Exercise aim -
State how many lines of the records below contain the word "unfolding", giving the number and nothing else.
#### Input material
lemma sum_powr_le_dyadic_counts:
  fixes f :: "'a \<Rightarrow> real"
  assumes F: "finite F" and "0 \<le> \<rho>" and range: "\<And>x. x \<in> F \<Longrightarrow> 1 \<le> f x \<and> f x \<le> 2 ^ K"
  shows "(\<Sum>x\<in>F. f x powr (-\<rho>))
    \<le> 2 powr \<rho> * (\<Sum>k\<le>K. (2 ^ k) powr (-\<rho>) * real (card {x\<in>F. f x \<le> 2 ^ k}))"
proof -
  let ?w = "\<lambda>x k. if f x \<le> 2 ^ k then ((2::real) ^ k) powr (-\<rho>) else 0"
  have "f x powr (-\<rho>) \<le> 2 powr \<rho> * (\<Sum>k\<le>K. ?w x k)" if x: "x \<in> F" for x
  proof -
    obtain k where k: "k \<le> K" "f x \<le> 2 ^ k" "2 ^ k \<le> 2 * f x"
      using exists_pow2_bracket range[OF x] by blast
    have "f x powr (-\<rho>) \<le> (2 ^ k / 2) powr (-\<rho>)"
      using k(3) assms(2) by (intro powr_mono2') auto
    also have "\<dots> = 2 powr \<rho> * ?w x k"
      using k(2) by (simp add: powr_divide powr_minus field_simps)
    also have "?w x k \<le> (\<Sum>k\<le>K. ?w x k)"
      using k(1) by (intro member_le_sum) auto
    finally show ?thesis
      by simp
  qed
  then have "(\<Sum>x\<in>F. f x powr (-\<rho>)) \<le> (\<Sum>x\<in>F. 2 powr \<rho> * (\<Sum>k\<le>K. ?w x k))"
    by (rule sum_mono)
  also have "\<dots> = 2 powr \<rho> * (\<Sum>k\<le>K. \<Sum>x\<in>F. ?w x k)"
    by (simp add: sum_distrib_left sum.swap[of _ F])
  also have "(\<Sum>k\<le>K. \<Sum>x\<in>F. ?w x k) = (\<Sum>k\<le>K. (2 ^ k) powr (-\<rho>) * real (card {x\<in>F. f x \<le> 2 ^ k}))"
    using F by (simp add: sum.inter_filter[symmetric] mult.commute)
  finally show ?thesis .
qed

lemma sum_power_le_twice_last:
  fixes q :: real
  assumes "2 \<le> q"
  shows "(\<Sum>k\<le>K. q ^ k) \<le> 2 * q ^ K"
proof (induction K)
  case (Suc K)
  then have "(\<Sum>k\<le>Suc K. q ^ k) \<le> 2 * q ^ K + q ^ Suc K"
    by simp
  also have "2 * q ^ K \<le> q ^ Suc K"
    using assms by (simp add: mult_right_mono)
  finally show ?case
    by simp
qed simp

lemma sum_inv_japanese_lattice_shell_le_far:
  assumes e: "e = 1 \<or> e = -1" and R: "1 \<le> R" and far: "2 * R < norm (of_zvec a)"
  shows "(\<Sum>x\<in>lattice_shell a e s R. 1 / japanese_bracket (of_zvec x + of_zvec a))
    \<le> 884736 * R\<^sup>2 / max 1 (norm (of_zvec a))"
proof -
  define A where "A = norm (of_zvec a)"
  have A: "2 * R < A" "1 \<le> A" "max 1 A = A"
    using far R unfolding A_def by auto
  have summand_le: "1 / japanese_bracket (of_zvec x + of_zvec a) \<le> 2 / A" if "x \<in> lattice_shell a e s R" for x
  proof -
    have "A \<le> norm (of_zvec x + of_zvec a) + norm (of_zvec x)"
      unfolding A_def using norm_triangle_ineq4[of "of_zvec x + of_zvec a" "of_zvec x"] by simp
    moreover have "norm (of_zvec x) \<le> R"
      using that by (simp add: lattice_shell_def)
    ultimately have "A / 2 \<le> japanese_bracket (of_zvec x + of_zvec a)"
      using A norm_le_japanese_bracket[of "of_zvec x + of_zvec a"] by linarith
    then have "1 / japanese_bracket (of_zvec x + of_zvec a) \<le> 1 / (A / 2)"
      using A by (intro divide_left_mono) auto
    then show ?thesis
      by simp
  qed
  have "(\<Sum>x\<in>lattice_shell a e s R. 1 / japanese_bracket (of_zvec x + of_zvec a))
      \<le> (\<Sum>x\<in>lattice_shell a e s R. 2 / A)"
    by (rule sum_mono) (rule summand_le)
  also have "\<dots> = real (card (lattice_shell a e s R)) * (2 / A)"
    by simp
  also have "\<dots> \<le> (294912 * (R\<^sup>2 + R ^ 3 / A)) * (2 / A)"
    using card_lattice_shell_le_max[OF e R, of a s] A unfolding A_def by (intro mult_right_mono) auto
  also have "\<dots> \<le> (294912 * (3 / 2 * R\<^sup>2)) * (2 / A)"
  proof -
    have "R ^ 3 / A \<le> R ^ 3 / (2 * R)"
      using A R by (intro divide_left_mono) auto
    also have "\<dots> = R\<^sup>2 / 2"
      using R by (simp add: power2_eq_square power3_eq_cube)
    finally show ?thesis
      using A by (intro mult_right_mono) auto
  qed
  finally show ?thesis
    using A by (simp add: A_def)
qed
########
Answer for the task -
3